Gillian Frost on meeting Peter in 1982
Peter Goode's biography can be read as a movement from imposed shame toward shared creative force.
Born in Huddersfield in 1934, Peter Goode lived for decades with severe unrecognised dyslexia, a phobia of the written word and major social obstacles. His entry into adult education and his relationship with Pecket Well College opened a new chapter where poetry and painting could fully emerge.
He had just used up almost all his courage to come through the door.
Gillian Frost on meeting Peter in 1982
1934 - childhood
Peter grows up in difficult circumstances. Imagination quickly becomes a space of refuge and intensity. Unrecognised dyslexia and the prohibition of his left-handedness turn writing into a zone of fear rather than learning.
The written word became a phobia.
Book extract
Childhood - visual shocks
Seeing a Van Gogh print in a local chippy opens for him the possibility of creating worlds of his own. Soon after, a stranger praises a drawing of a seagull, and the destruction of a horse drawn on a classroom blackboard becomes another defining moment.
That s excellent!
Memory of a passerby looking over his shoulder
Adulthood
After the army, an accident severs two fingers from his right hand. He relearns how to draw. He later works as a cable jointer for the Electricity Board and raises seven children largely on his own while hiding the fact that he cannot read.
People can take away your home but not your education.
A phrase remembered by his son
1982
Meeting Gillian Frost marks a decisive shift. In Room 7 Peter begins learning to read by working from his own poetic language. Education ceases to be humiliation and becomes reconstruction and dignity.

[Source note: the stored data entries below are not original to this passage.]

(* Consider the admission control model described in the context, with discount rate $\alpha>0$, and suppose: (i) $0\le \Delta d_{i+1}\le \Delta d_i$ for $1\le i\le n-1$, and $\Delta d_1>0$; (ii) $\Delta h_{i+1}\ge \Delta h_i\ge 0$ for $1\le i\le n-1$. Define $\nu_0,\dots,\nu_{n-1}$ recursively by $$\nu_0=\frac{\Delta h_1}{\alpha+\Delta d_1},\qquad \nu_j=\nu_{j-1}+\frac{\Delta h_{j+1}-\nu_{j-1}(\alpha+\Delta d_{j+1})}{\alpha+\Delta d_{j+1}+w^{S_{j+1}}_{j-1}/\rho_{j-1}},\quad 1\le j\le n-1.$$ Then the model is PCL-indexable relative to threshold policies and the rejection measure, in the following sense: (a) $w^S_i>0$ for every $S\in\mathcal F$ and $0\le i\le n-1$, and $\nu_0\le\nu_1\le\cdots\le\nu_{n-1}$; (b) the $\nu$-charge problem is indexable relative to threshold policies with dynamic allocation indices $\nu_j$: for every $\nu\in\mathbb R$, the set of states $j\in\{0,\dots,n-1\}$ at which shutting the gate is optimal in the $\nu$-charge problem equals $\{j: \nu\le \nu_j\}$ (which belongs to $\mathcal F$ and decreases from $\{0,\dots,n-1\}$ to $\emptyset$ as $\nu$ increases from $-\infty$ to $+\infty$); (c) for every $j\in\{0,\dots,n-1\}$, $$\nu_j=\max\left\{\frac{v^{S\setminus\{j\}}_j-v^S_j}{b^S_j-b^{S\setminus\{j\}}_j}:\ j\in S\in\{S_1,\dots,S_n\}\right\}.$$
   Context: Admission control model: a single-server queue with finite buffer, whose number in system $L(t)\in N=\{0,1,\dots,n\}$ ($n\ge1$) evolves in continuous time. In state $i$ customers arrive as a Poisson stream of rate $\lambda_i>0$ and the server completes services at rate $\mu_i>0$ ($1\le i\le n$), with $\mu_0=0$. A gatekeeper chooses at each time an action $a(t)\in\{0,1\}$: $a=1$ (shut the entry gate; arriving customers are rejected) or $a=0$ (open; arriving customers are admitted). In state $n$ the gate is always shut. Policies are stationary (possibly randomized) functions of the state. Holding costs accrue at rate $h_i$ in state $i$, and are discounted at rate $\alpha>0$. For a policy $u$ and initial state $i$: $v^u_i=E^u_i[\int_0^\infty h_{L(t)}e^{-\alpha t}dt]$ and $b^u_i=E^u_i[\int_0^\infty \lambda_{L(t)}a(t)e^{-\alpha t}dt]$ (expected discounted number of rejections). The $\nu$-charge problem is to minimize $v^u_i+\nu b^u_i$ over stationary policies. For $S\subseteq\{0,\dots,n-1\}$, the $S$-active policy shuts the gate exactly in states $S\cup\{n\}$; write $v^S_i,b^S_i$ for its measures. Marginal workloads: $w^S_i=\lambda_i\,[1-(b^S_{i+1}-b^S_i)]$ for $0\le i\le n-1$. Threshold sets: $S_k=\{k-1,\dots,n-1\}$ for $1\le k\le n$, $S_{n+1}=\emptyset$, and $\mathcal F=\{S_1,\dots,S_{n+1}\}$. Notation: $\Delta x_i=x_i-x_{i-1}$; $d_i=\mu_i-\lambda_i$ (so $d_0=-\lambda_0$); $\rho_i=\lambda_i/\mu_{i+1}$. *)

theory Defs
  imports Complex_Main
begin

text \<open>States are 0..n. A stationary randomized policy is given by u i = probability
  of shutting the gate in state i (i < n); in state n the gate is always shut.\<close>

definition shutp :: "nat \<Rightarrow> (nat \<Rightarrow> real) \<Rightarrow> nat \<Rightarrow> real" where
  "shutp n u i = (if i < n then u i else 1)"

definition policy :: "nat \<Rightarrow> (nat \<Rightarrow> real) \<Rightarrow> bool" where
  "policy n u \<longleftrightarrow> (\<forall>i<n. 0 \<le> u i \<and> u i \<le> 1)"

text \<open>Expected total alpha-discounted reward under policy u with reward rate r,
  as a function of the initial state: the unique solution of the policy-evaluation
  (resolvent) equations of the controlled birth-death chain.\<close>

definition evalm :: "nat \<Rightarrow> real \<Rightarrow> (nat \<Rightarrow> real) \<Rightarrow> (nat \<Rightarrow> real) \<Rightarrow> (nat \<Rightarrow> real)
     \<Rightarrow> (nat \<Rightarrow> real) \<Rightarrow> nat \<Rightarrow> real" where
  "evalm n \<alpha> lam mu r u = (THE f.
      (\<forall>i\<le>n. \<alpha> * f i = r i + lam i * (1 - shutp n u i) * (f (Suc i) - f i)
                        + mu i * (f (i - 1) - f i)) \<and> (\<forall>i>n. f i = 0))"

definition vm :: "nat \<Rightarrow> real \<Rightarrow> (nat \<Rightarrow> real) \<Rightarrow> (nat \<Rightarrow> real) \<Rightarrow> (nat \<Rightarrow> real)
     \<Rightarrow> (nat \<Rightarrow> real) \<Rightarrow> nat \<Rightarrow> real" where
  "vm n \<alpha> lam mu h u = evalm n \<alpha> lam mu h u"

definition bm :: "nat \<Rightarrow> real \<Rightarrow> (nat \<Rightarrow> real) \<Rightarrow> (nat \<Rightarrow> real)
     \<Rightarrow> (nat \<Rightarrow> real) \<Rightarrow> nat \<Rightarrow> real" where
  "bm n \<alpha> lam mu u = evalm n \<alpha> lam mu (\<lambda>i. lam i * shutp n u i) u"

definition setpol :: "nat set \<Rightarrow> nat \<Rightarrow> real" where
  "setpol S i = (if i \<in> S then 1 else 0)"

definition thr :: "nat \<Rightarrow> nat \<Rightarrow> nat set" where
  "thr n k = {k - 1..<n}"

definition thrF :: "nat \<Rightarrow> nat set set" where
  "thrF n = thr n ` {1..n+1}"

definition wS :: "nat \<Rightarrow> real \<Rightarrow> (nat \<Rightarrow> real) \<Rightarrow> (nat \<Rightarrow> real) \<Rightarrow> nat set \<Rightarrow> nat \<Rightarrow> real" where
  "wS n \<alpha> lam mu S i = lam i * (1 - (bm n \<alpha> lam mu (setpol S) (Suc i) - bm n \<alpha> lam mu (setpol S) i))"

definition dlt :: "(nat \<Rightarrow> real) \<Rightarrow> nat \<Rightarrow> real" where
  "dlt x i = x i - x (i - 1)"

definition dd :: "(nat \<Rightarrow> real) \<Rightarrow> (nat \<Rightarrow> real) \<Rightarrow> nat \<Rightarrow> real" where
  "dd lam mu i = mu i - lam i"

definition rho :: "(nat \<Rightarrow> real) \<Rightarrow> (nat \<Rightarrow> real) \<Rightarrow> nat \<Rightarrow> real" where
  "rho lam mu i = lam i / mu (Suc i)"

fun nuidx :: "nat \<Rightarrow> real \<Rightarrow> (nat \<Rightarrow> real) \<Rightarrow> (nat \<Rightarrow> real) \<Rightarrow> (nat \<Rightarrow> real) \<Rightarrow> nat \<Rightarrow> real" where
  "nuidx n \<alpha> lam mu h 0 = dlt h 1 / (\<alpha> + dlt (dd lam mu) 1)"
| "nuidx n \<alpha> lam mu h (Suc j) = nuidx n \<alpha> lam mu h j
     + (dlt h (j + 2) - nuidx n \<alpha> lam mu h j * (\<alpha> + dlt (dd lam mu) (j + 2)))
       / (\<alpha> + dlt (dd lam mu) (j + 2) + wS n \<alpha> lam mu (thr n (j + 2)) j / rho lam mu j)"

definition optimal :: "nat \<Rightarrow> real \<Rightarrow> (nat \<Rightarrow> real) \<Rightarrow> (nat \<Rightarrow> real) \<Rightarrow> (nat \<Rightarrow> real)
     \<Rightarrow> real \<Rightarrow> (nat \<Rightarrow> real) \<Rightarrow> bool" where
  "optimal n \<alpha> lam mu h \<nu> u \<longleftrightarrow> policy n u \<and>
     (\<forall>u'. policy n u' \<longrightarrow> (\<forall>i\<le>n. vm n \<alpha> lam mu h u i + \<nu> * bm n \<alpha> lam mu u i
                                   \<le> vm n \<alpha> lam mu h u' i + \<nu> * bm n \<alpha> lam mu u' i))"

definition shut_optimal :: "nat \<Rightarrow> real \<Rightarrow> (nat \<Rightarrow> real) \<Rightarrow> (nat \<Rightarrow> real) \<Rightarrow> (nat \<Rightarrow> real)
     \<Rightarrow> real \<Rightarrow> nat \<Rightarrow> bool" where
  "shut_optimal n \<alpha> lam mu h \<nu> j \<longleftrightarrow> (\<exists>u. optimal n \<alpha> lam mu h \<nu> u \<and> u j = 1)"

end

theory Submission
  imports Defs
begin
lemma wins_image:
  assumes "inj f" "\<And>P. g (opp P) = opp (g P)" "\<And>P d. f ` d \<in> D' (g P) \<longleftrightarrow> d \<in> D P"
  shows "wins D' (g P) (f ` S) = wins D P S"
proof (induction "card S" arbitrary: S P rule: less_induct)
  case less
  show ?case
  proof (cases "finite S")
    case False
    then have "infinite (f ` S)"
      using assms(1) by (simp add: finite_image_iff inj_on_subset)
    then show ?thesis
      using False by (simp add: not_wins_infinite)
  next
    case True
    have IH: "wins D' (opp (g P)) (f ` (S - d)) = wins D (opp P) (S - d)" if "d \<subseteq> S" "d \<noteq> {}" for d
      using that True assms(2) less.hyps[OF card_Diff_nonempty_less] by metis
    have image_Diff: "f ` S - f ` d = f ` (S - d)" for d
      using assms(1) by (simp add: image_set_diff)
    show ?thesis
    proof
      assume "wins D' (g P) (f ` S)"
      then obtain e where e: "e \<in> D' (g P)" "e \<subseteq> f ` S" "e \<noteq> {}" "\<not> wins D' (opp (g P)) (f ` S - e)"
        by (rule winsE)
      then obtain d where d: "d \<subseteq> S" "e = f ` d"
        by (auto simp: subset_image_iff)
      then show "wins D P S"
        using e IH[OF d(1)] assms(3) image_Diff True by (intro winsI[of _ d]) auto
    next
      assume "wins D P S"
      then obtain d where d: "d \<in> D P" "d \<subseteq> S" "d \<noteq> {}" "\<not> wins D (opp P) (S - d)"
        by (rule winsE)
      then show "wins D' (g P) (f ` S)"
        using IH[OF d(2,3)] assms(3) image_Diff True by (intro winsI[of _ "f ` d"]) auto
    qed
  qed
qed

definition separated :: "(player \<Rightarrow> 'a set set) \<Rightarrow> 'a set \<Rightarrow> 'a set \<Rightarrow> bool" where
  "separated D A B \<longleftrightarrow> A \<inter> B = {} \<and> (\<forall>P. \<forall>d\<in>D P. d \<subseteq> A \<union> B \<longrightarrow> d \<subseteq> A \<or> d \<subseteq> B)"

lemma separated_mono: "separated D A B \<Longrightarrow> A' \<subseteq> A \<Longrightarrow> B' \<subseteq> B \<Longrightarrow> separated D A' B'"
proof -
  assume sep: "separated D A B" and "A' \<subseteq> A" "B' \<subseteq> B"
  have "d \<subseteq> A' \<or> d \<subseteq> B'" if "d \<in> D P" "d \<subseteq> A' \<union> B'" for P d
  proof -
    have "d \<subseteq> A \<or> d \<subseteq> B"
      using sep that \<open>A' \<subseteq> A\<close> \<open>B' \<subseteq> B\<close> unfolding separated_def by blast
    moreover have "A \<inter> B = {}"
      using sep unfolding separated_def by blast
    ultimately show ?thesis
      using that(2) \<open>A' \<subseteq> A\<close> \<open>B' \<subseteq> B\<close> by blast
  qed
  moreover have "A' \<inter> B' = {}"
    using sep \<open>A' \<subseteq> A\<close> \<open>B' \<subseteq> B\<close> unfolding separated_def by blast
  ultimately show ?thesis
    unfolding separated_def by blast
qed

lemma separated_commute: "separated D A B \<Longrightarrow> separated D B A"
  unfolding separated_def by (simp add: Int_commute Un_commute) blast

lemma separatedD: "separated D A B \<Longrightarrow> d \<in> D P \<Longrightarrow> d \<subseteq> A \<union> B \<Longrightarrow> d \<subseteq> A \<or> d \<subseteq> B"
  unfolding separated_def by blast
lemma maximal_proper_filter_ultrafilter:
  assumes M: "proper_filter M" and max: "\<And>F. proper_filter F \<Longrightarrow> M \<subseteq> F \<Longrightarrow> F = M"
  shows "ultrafilter M"
  unfolding ultrafilter_def
proof (intro conjI allI)
  show "inf a b \<in> M \<longleftrightarrow> a \<in> M \<and> b \<in> M" for a b
    using M unfolding proper_filter_def by (meson inf_le1 inf_le2)
  show "- a \<in> M \<longleftrightarrow> a \<notin> M" for a
  proof
    assume "- a \<in> M"
    then show "a \<notin> M"
      using M unfolding proper_filter_def by (metis inf_compl_bot)
  next
    assume "a \<notin> M"
    show "- a \<in> M"
    proof (rule ccontr)
      assume "- a \<notin> M"
      let ?F = "{y. \<exists>u\<in>M. inf u a \<le> y}"
      have "M \<subseteq> ?F" by (auto intro: inf_le1)
      moreover have "a \<in> ?F"
        using M unfolding proper_filter_def by force
      ultimately show False
        using max[OF proper_filter_extend[OF M \<open>- a \<notin> M\<close>]] \<open>a \<notin> M\<close> by blast
    qed
  qed
qed

lemma ultrafilter_exists:
  fixes x :: "'a::boolean_algebra"
  assumes "x \<noteq> bot"
  obtains U where "ultrafilter U" "x \<in> U"
proof -
  let ?A = "{F. proper_filter F \<and> x \<in> F}"
  have "\<exists>M\<in>?A. \<forall>F\<in>?A. M \<subseteq> F \<longrightarrow> F = M"
  proof (rule subset_Zorn_nonempty)
    have "{y. x \<le> y} \<in> ?A"
      using assms by (auto simp: proper_filter_def bot_unique)
    then show "?A \<noteq> {}" by blast
  next
    fix C assume "C \<noteq> {}" "subset.chain ?A C"
    moreover from this have "subset.chain {F. proper_filter F} C"
      by (auto simp: subset.chain_def)
    ultimately show "\<Union>C \<in> ?A"
      using proper_filter_chain_Union by (auto simp: subset.chain_def)
  qed
  then obtain M where "proper_filter M" "x \<in> M" and "\<forall>F\<in>?A. M \<subseteq> F \<longrightarrow> F = M"
    by blast
  then have "ultrafilter M"
    by (intro maximal_proper_filter_ultrafilter) blast+
  with \<open>x \<in> M\<close> show thesis using that by blast
qed

lemma ultrafilter_le:
  fixes a b :: "'a::boolean_algebra"
  assumes "\<And>U. ultrafilter U \<Longrightarrow> a \<in> U \<Longrightarrow> b \<in> U"
  shows "a \<le> b"
proof (rule ccontr)
  assume "\<not> a \<le> b"
  then have "inf a (- b) \<noteq> bot" by (simp add: inf_shunt)
  then obtain U where "ultrafilter U" "inf a (- b) \<in> U" by (rule ultrafilter_exists)
  then show False
    using assms ultrafilter_inf_iff ultrafilter_compl_iff by blast
qed

lemma ultrafilter_eqI:
  fixes a b :: "'a::boolean_algebra"
  assumes "\<And>U. ultrafilter U \<Longrightarrow> a \<in> U \<longleftrightarrow> b \<in> U"
  shows "a = b"
  using assms by (blast intro: antisym ultrafilter_le)

lemma bochvar_system_top: "bochvar_system I \<Longrightarrow> top \<in> I"
  unfolding bochvar_system_def by blast

lemma cls_eq_iff: "cls i a = cls i b \<longleftrightarrow> inf a i = inf b i"
  unfolding cls_def by auto

lemma rep_cls: "inf (rep (cls i a)) i = inf a i"
proof -
  have "a \<in> cls i a" unfolding cls_def by simp
  then have "rep (cls i a) \<in> cls i a" unfolding rep_def by (rule someI)
  then show ?thesis unfolding cls_def by simp
qed

lemma pl_meet_cls: "pl_meet (i, cls i a) (j, cls j b) = (inf i j, cls (inf i j) (inf a b))"
proof -
  let ?a = "rep (cls i a)" and ?b = "rep (cls j b)"
  have "inf (inf ?a ?b) (inf i j) = inf (inf (inf ?a i) (inf ?b j)) (inf i j)"
    by (simp add: inf_aci)
  also have "\<dots> = inf (inf a b) (inf i j)"
    by (simp only: rep_cls) (simp add: inf_aci)
  finally show ?thesis
    unfolding pl_meet_def by (simp add: cls_eq_iff)
qed

lemma pl_join_cls: "pl_join (i, cls i a) (j, cls j b) = (inf i j, cls (inf i j) (sup a b))"
proof -
  let ?a = "rep (cls i a)" and ?b = "rep (cls j b)"
  have "inf (sup ?a ?b) (inf i j) = sup (inf (inf ?a i) j) (inf (inf ?b j) i)"
    by (simp add: inf_sup_distrib1 inf_sup_distrib2 inf_aci)
  also have "\<dots> = inf (sup a b) (inf i j)"
    by (simp only: rep_cls) (simp add: inf_sup_distrib1 inf_sup_distrib2 inf_aci)
  finally show ?thesis
    unfolding pl_join_def by (simp add: cls_eq_iff)
qed

lemma pl_neg_cls: "pl_neg (i, cls i a) = (i, cls i (- a))"
proof -
  have "inf (- x) i = inf (- inf x i) i" for x :: 'a
    by (simp add: inf_sup_distrib2)
  then have "inf (- rep (cls i a)) i = inf (- a) i"
    by (metis rep_cls)
  then show ?thesis
    unfolding pl_neg_def by (simp add: cls_eq_iff)
qed

lemma pl_carrier_cls_iff [simp]: "(i, cls i a) \<in> pl_carrier I \<longleftrightarrow> i \<in> I"
  unfolding pl_carrier_def by blast

lemma pl_carrierE:
  assumes "x \<in> pl_carrier I"
  obtains i a where "x = (i, cls i a)" "i \<in> I"
  using assms unfolding pl_carrier_def by blast

lemma is_algebra_A_sys:
  assumes "bochvar_system I" and "\<And>x. x \<in> pl_carrier I \<Longrightarrow> J x \<in> pl_carrier I"
  shows "is_algebra (A_sys I J)"
proof -
  have "top \<in> I" and "\<And>i j. i \<in> I \<Longrightarrow> j \<in> I \<Longrightarrow> inf i j \<in> I"
    using assms(1) unfolding bochvar_system_def by blast+
  then show ?thesis
    unfolding is_algebra_def A_sys_def balg.simps using assms(2)
    by (auto elim!: pl_carrierE simp: pl_meet_cls pl_join_cls pl_neg_cls pl_zero_def pl_one_def)
qed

A beginner reader is not a beginner thinker.
Educational principle quoted in Opening Time
Pecket Well years
With a group of activists and adult learners, Peter helps create Pecket Well College. There he finds a place where learning, solidarity and creation can coexist. His poems, then his paintings, gain new visibility.
He was at university level in all but his inability to read.
Gillian Frost
1990s - 2000
Peter exhibits through Hebden Bridge Arts Festival, the Hardcastle Crags Sculpture Trail, Todmorden Show and other regional contexts. His practice expands from painting to sculpture, ink postcards and poetic assemblages.
For Peter, his art and his poetry were one.
Josie Pollentine
2012 and after
Peter dies in 2012, leaving a body of work partly dispersed, sometimes sold, sometimes lost, but still active in the memory of those who knew him. The book and now this site continue his desire to share vision and encourage other unconventional paths.
He would love his work to carry on inspiring others.